*** SOURCE MATERIAL ***

text \<open>On the arc between two consecutive nodes, shifting the arguments of the kernels attached to the
  later nodes by \<open>2\<pi>\<close> turns \<open>F(y, t)\<close> into a sum of kernels evaluated at affine functions of
  \<open>(y, t)\<close> with values in \<open>[0, 2\<pi>]\<close>. There each kernel, extended by its one-sided limits, is
  concave, and strictly so between distinct points. The arc endpoints depend affinely on \<open>y\<close>, so
  combining maximisers for \<open>y\<close> and \<open>z\<close> gives an admissible point for the combined node vector.
  If \<open>y \<noteq> z\<close> then either the maximisers or some coordinate differ, so at least one kernel
  argument differs and the inequality is strict. Minima of strictly concave functions are strictly
  concave.\<close>

lemma comb_mem_Ioo:
  fixes a b u l r :: real
  assumes "a \<in> {l..r}" "b \<in> {l..r}" "a \<noteq> b" "0 < u" "u < 1"
  shows "u * a + (1 - u) * b \<in> {l<..<r}"
proof -
  have d: "u * a + (1 - u) * b - a = (1 - u) * (b - a)" "b - (u * a + (1 - u) * b) = u * (b - a)"
    by algebra+
  consider "a < b" | "b < a" using assms(3) by linarith
  then show ?thesis
  proof cases
    case 1
    then have "0 < (1 - u) * (b - a)" "0 < u * (b - a)" using assms(4,5) by simp_all
    then show ?thesis
      using d assms(1,2) unfolding atLeastAtMost_iff greaterThanLessThan_iff by linarith
  next
    case 2
    then have "(1 - u) * (b - a) < 0" "u * (b - a) < 0" using assms(4,5) by (simp_all add: mult_pos_neg)
    then show ?thesis
      using d assms(1,2) unfolding atLeastAtMost_iff greaterThanLessThan_iff by linarith
  qed
qed

lemma strictly_concave_real_imp_concave_on:
  assumes "strictly_concave_real S f" "convex S"
  shows "concave_on S f"
proof (rule concave_on_linorderI[OF _ assms(2)])
  fix t x y :: real
  assume "0 < t" "t < 1" "x \<in> S" "y \<in> S" "x < y"
  moreover have "0 < 1 - t" "1 - t < 1" "x \<noteq> y" using \<open>0 < t\<close> \<open>t < 1\<close> \<open>x < y\<close> by auto
  ultimately have "(1 - t) * f x + (1 - (1 - t)) * f y < f ((1 - t) * x + (1 - (1 - t)) * y)"
    using assms(1) unfolding strictly_concave_real_def by blast
  then show "(1 - t) * f x + t * f y \<le> f ((1 - t) *\<^sub>R x + t *\<^sub>R y)" by simp
qed

lemma ereal_comb_self:
  fixes x :: ereal
  assumes "x \<noteq> \<infinity>" "0 < u" "u < 1"
  shows "ereal u * x + ereal (1 - u) * x = x"
  using assms by (cases x) (auto simp flip: distrib_right)

lemma sum_MInfty:
  fixes f :: "'a \<Rightarrow> ereal"
  assumes "finite A" "\<And>j. j \<in> A \<Longrightarrow> f j \<noteq> \<infinity>"
  shows "(\<Sum>j\<in>A. f j) = -\<infinity> \<longleftrightarrow> (\<exists>j\<in>A. f j = -\<infinity>)"
  using assms by (induction A rule: finite_induct) (auto simp: sum_Pinfty)

lemma continuous_on_sum_ereal:
  fixes f :: "'i \<Rightarrow> 'a::topological_space \<Rightarrow> ereal"
  assumes "finite I" "\<And>j. j \<in> I \<Longrightarrow> continuous_on S (f j)"
    "\<And>j x. j \<in> I \<Longrightarrow> x \<in> S \<Longrightarrow> f j x \<noteq> \<infinity>"
  shows "continuous_on S (\<lambda>x. \<Sum>j\<in>I. f j x)"
  using assms
proof (induction I rule: finite_induct)
  case (insert a I)
  have IH: "continuous_on S (\<lambda>x. \<Sum>j\<in>I. f j x)" using insert by simp
  show ?case unfolding continuous_on_def
  proof
    fix x assume x: "x \<in> S"
    have "(\<Sum>j\<in>I. f j x) \<noteq> \<infinity>" using insert.prems(2) x by (auto simp: sum_Pinfty)
    then have "((\<lambda>x. f a x + (\<Sum>j\<in>I. f j x)) \<longlongrightarrow> f a x + (\<Sum>j\<in>I. f j x)) (at x within S)"
      using insert.prems x IH by (intro tendsto_add_ereal_general) (auto simp: continuous_on_def)
    then show "((\<lambda>x. \<Sum>j\<in>insert a I. f j x) \<longlongrightarrow> (\<Sum>j\<in>insert a I. f j x)) (at x within S)"
      using insert.hyps by simp
  qed
qed simp

lemma ereal_sum_comb_less:
  fixes a b c :: "'i \<Rightarrow> ereal"
  assumes "finite A" and fin: "\<And>j. j \<in> A \<Longrightarrow> \<bar>a j\<bar> \<noteq> \<infinity> \<and> \<bar>b j\<bar> \<noteq> \<infinity>"
    and c: "\<And>j. j \<in> A \<Longrightarrow> c j \<noteq> \<infinity>"
    and le: "\<And>j. j \<in> A \<Longrightarrow> ereal u * a j + ereal v * b j \<le> c j"
    and less: "j0 \<in> A" "ereal u * a j0 + ereal v * b j0 < c j0"
  shows "ereal u * (\<Sum>j\<in>A. a j) + ereal v * (\<Sum>j\<in>A. b j) < (\<Sum>j\<in>A. c j)"
proof -
  define ra where "ra j = real_of_ereal (a j)" for j
  define rb where "rb j = real_of_ereal (b j)" for j
  define rc where "rc j = real_of_ereal (c j)" for j
  have real: "a j = ereal (ra j) \<and> b j = ereal (rb j) \<and> c j = ereal (rc j)" if j: "j \<in> A" for j
  proof -
    have "ereal u * a j + ereal v * b j \<noteq> -\<infinity>" using fin[OF j] by auto
    then have "\<bar>c j\<bar> \<noteq> \<infinity>" using le[OF j] c[OF j] by auto
    then show ?thesis using fin[OF j] unfolding ra_def rb_def rc_def by (simp add: ereal_real')
  qed
  have "(\<Sum>j\<in>A. u * ra j + v * rb j) < (\<Sum>j\<in>A. rc j)"
  proof (rule sum_strict_mono_ex1[OF \<open>finite A\<close>])
    show "\<forall>j\<in>A. u * ra j + v * rb j \<le> rc j" using le real by fastforce
    show "\<exists>j\<in>A. u * ra j + v * rb j < rc j" using less real by fastforce
  qed
  moreover have "(\<Sum>j\<in>A. a j) = ereal (\<Sum>j\<in>A. ra j)" "(\<Sum>j\<in>A. b j) = ereal (\<Sum>j\<in>A. rb j)"
    "(\<Sum>j\<in>A. c j) = ereal (\<Sum>j\<in>A. rc j)"
    using real by (simp_all cong: sum.cong)
  ultimately show ?thesis by (simp add: sum.distrib sum_distrib_left)
qed

lemma concave_comb_le_Icc:
  fixes f :: "real \<Rightarrow> ereal"
  assumes cont: "continuous_on {l..r} f" and not_PInf: "\<And>t. t \<in> {l..r} \<Longrightarrow> f t \<noteq> \<infinity>"
    and concave: "\<And>x y u. x \<in> {l<..<r} \<Longrightarrow> y \<in> {l<..<r} \<Longrightarrow> 0 < u \<Longrightarrow> u < 1 \<Longrightarrow>
        ereal u * f x + ereal (1 - u) * f y \<le> f (u * x + (1 - u) * y)"
    and a: "a \<in> {l..r}" and b: "b \<in> {l..r}" and u: "0 < u" "u < 1"
  shows "ereal u * f a + ereal (1 - u) * f b \<le> f (u * a + (1 - u) * b)"
proof (cases "a = b")
  case True
  then show ?thesis using ereal_comb_self[OF not_PInf[OF a] u] by (simp add: algebra_simps)
next
  case False
  define c where "c = u * a + (1 - u) * b"
  have c: "c \<in> {l<..<r}" unfolding c_def using comb_mem_Ioo[OF a b False u] .
  have "c - a = (1 - u) * (b - a)" "c - b = u * (a - b)" unfolding c_def by algebra+
  then have "c \<noteq> a" "c \<noteq> b" using False u by auto
  \<comment> \<open>Slide a and b towards the interior point c, where concavity is available, and pass to the limit.\<close>
  define a' where "a' e = (1 - e) * a + (1 - (1 - e)) * c" for e
  define b' where "b' e = (1 - e) * b + (1 - (1 - e)) * c" for e
  have e01: "\<forall>\<^sub>F e in at_right (0::real). 0 < e \<and> e < 1"
    using eventually_at_right_less[of 0] eventually_at_right_real[of 0 1] by (auto elim: eventually_elim2)
  have interior: "\<forall>\<^sub>F e in at_right 0. a' e \<in> {l<..<r} \<and> b' e \<in> {l<..<r}"
    using e01
  proof eventually_elim
    case (elim e)
    then have "0 < 1 - e" "1 - e < 1" by auto
    then show ?case unfolding a'_def b'_def
      using a b c \<open>c \<noteq> a\<close> \<open>c \<noteq> b\<close> by (intro conjI comb_mem_Ioo) auto
  qed
  have comb: "u * a' e + (1 - u) * b' e = c" for e
    unfolding a'_def b'_def c_def by (simp add: algebra_simps)
  have ineq: "\<forall>\<^sub>F e in at_right 0. ereal u * f (a' e) + ereal (1 - u) * f (b' e) \<le> f c"
    using interior by eventually_elim (metis concave u comb)
  have "(a' \<longlongrightarrow> a) (at_right 0)" "(b' \<longlongrightarrow> b) (at_right 0)"
    unfolding a'_def b'_def by (auto intro!: tendsto_eq_intros)
  then have "((\<lambda>e. f (a' e)) \<longlongrightarrow> f a) (at_right 0)" "((\<lambda>e. f (b' e)) \<longlongrightarrow> f b) (at_right 0)"
    using interior a b
    by (auto intro!: continuous_on_tendsto_compose[OF cont] elim: eventually_mono)
  then have "((\<lambda>e. ereal u * f (a' e) + ereal (1 - u) * f (b' e))
      \<longlongrightarrow> ereal u * f a + ereal (1 - u) * f b) (at_right 0)"
    using not_PInf[OF a] not_PInf[OF b] u by (intro tendsto_add_ereal_general) auto
  from tendsto_le[OF trivial_limit_at_right_real tendsto_const this ineq] show ?thesis
    unfolding c_def .
qed

lemma concave_comb_less_Icc:
  fixes f :: "real \<Rightarrow> ereal"
  assumes cont: "continuous_on {l..r} f" and not_PInf: "\<And>t. t \<in> {l..r} \<Longrightarrow> f t \<noteq> \<infinity>"
    and strict: "\<And>x y u. x \<in> {l<..<r} \<Longrightarrow> y \<in> {l<..<r} \<Longrightarrow> x \<noteq> y \<Longrightarrow> 0 < u \<Longrightarrow> u < 1 \<Longrightarrow>
        ereal u * f x + ereal (1 - u) * f y < f (u * x + (1 - u) * y)"
    and a: "a \<in> {l..r}" and b: "b \<in> {l..r}" and ab: "a \<noteq> b" and u: "0 < u" "u < 1"
  shows "ereal u * f a + ereal (1 - u) * f b < f (u * a + (1 - u) * b)"
proof -
  have concave: "ereal v * f x + ereal (1 - v) * f y \<le> f (v * x + (1 - v) * y)"
    if "x \<in> {l..r}" "y \<in> {l..r}" "0 < v" "v < 1" for x y v
  proof (rule concave_comb_le_Icc[OF cont not_PInf _ that])
    fix x y w :: real assume xyw: "x \<in> {l<..<r}" "y \<in> {l<..<r}" "0 < w" "w < 1"
    show "ereal w * f x + ereal (1 - w) * f y \<le> f (w * x + (1 - w) * y)"
    proof (cases "x = y")
      case True
      have "w * x + (1 - w) * x = x" by (simp add: algebra_simps)
      then show ?thesis using True ereal_comb_self[OF not_PInf, of x w] xyw by simp
    qed (use strict[OF xyw(1,2) _ xyw(3,4)] in auto)
  qed
  define c where "c = u * a + (1 - u) * b"
  have c: "c \<in> {l<..<r}" unfolding c_def using comb_mem_Ioo[OF a b ab u] .
  have "c - a = (1 - u) * (b - a)" "c - b = u * (a - b)" unfolding c_def by algebra+
  then have "a \<noteq> c" "b \<noteq> c" using ab u by auto
  \<comment> \<open>The midpoints a', b' are interior, distinct, and have c as their u-combination, so strictness at c
    comes from the interior.\<close>
  define a' where "a' = 1/2 * a + (1 - 1/2) * c"
  define b' where "b' = 1/2 * b + (1 - 1/2) * c"
  have a': "a' \<in> {l<..<r}" and b': "b' \<in> {l<..<r}"
    unfolding a'_def b'_def using a b c \<open>a \<noteq> c\<close> \<open>b \<noteq> c\<close> by (auto intro!: comb_mem_Ioo)
  have "a' \<noteq> b'" using ab unfolding a'_def b'_def by simp
  moreover have "u * a' + (1 - u) * b' = c" unfolding a'_def b'_def c_def by (simp add: field_simps)
  ultimately have less_c: "ereal u * f a' + ereal (1 - u) * f b' < f c"
    using strict[OF a' b' _ u] by metis
  have fa': "ereal (1/2) * f a + ereal (1 - 1/2) * f c \<le> f a'"
    unfolding a'_def using a c by (intro concave) auto
  have fb': "ereal (1/2) * f b + ereal (1 - 1/2) * f c \<le> f b'"
    unfolding b'_def using b c by (intro concave) auto
  show ?thesis
  proof (cases "f a = -\<infinity> \<or> f b = -\<infinity>")
    case True
    then have MInf: "ereal u * f a + ereal (1 - u) * f b = -\<infinity>"
      using u not_PInf[OF a] not_PInf[OF b] by (cases "f a"; cases "f b") auto
    show ?thesis unfolding c_def[symmetric] MInf using less_c by auto
  next
    case False
    then obtain A B where A: "f a = ereal A" and B: "f b = ereal B"
      using not_PInf[OF a] not_PInf[OF b] by (cases "f a"; cases "f b") auto
    obtain C where C: "f c = ereal C"
      using less_c not_PInf[of c] c by (cases "f c") auto
    obtain A' where A': "f a' = ereal A'" using fa' not_PInf[of a'] a' A C by (cases "f a'") auto
    obtain B' where B': "f b' = ereal B'" using fb' not_PInf[of b'] b' B C by (cases "f b'") auto
    have "u * A' + (1 - u) * B' < C" "A / 2 + C / 2 \<le> A'" "B / 2 + C / 2 \<le> B'"
      using less_c fa' fb' unfolding A B C A' B' by simp_all
    then have "u * (A / 2 + C / 2) + (1 - u) * (B / 2 + C / 2) < C"
      using u by (smt (verit) mult_left_mono)
    then have "u * A + (1 - u) * B < C" by (simp add: field_simps)
    then show ?thesis unfolding A B C c_def[symmetric] by simp
  qed
qed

*** End of SOURCE MATERIAL ***

# [WHAT THE EXERCISE ASKS]
Each line in the listing where the word "exists" is found is to be copied.

# [TASK OUTPUT]
  shows "(\<Sum>j\<in>A. f j) = -\<infinity> \<longleftrightarrow> (\<exists>j\<in>A. f j = -\<infinity>)"
    show "\<exists>j\<in>A. u * ra j + v * rb j < rc j" using less real by fastforce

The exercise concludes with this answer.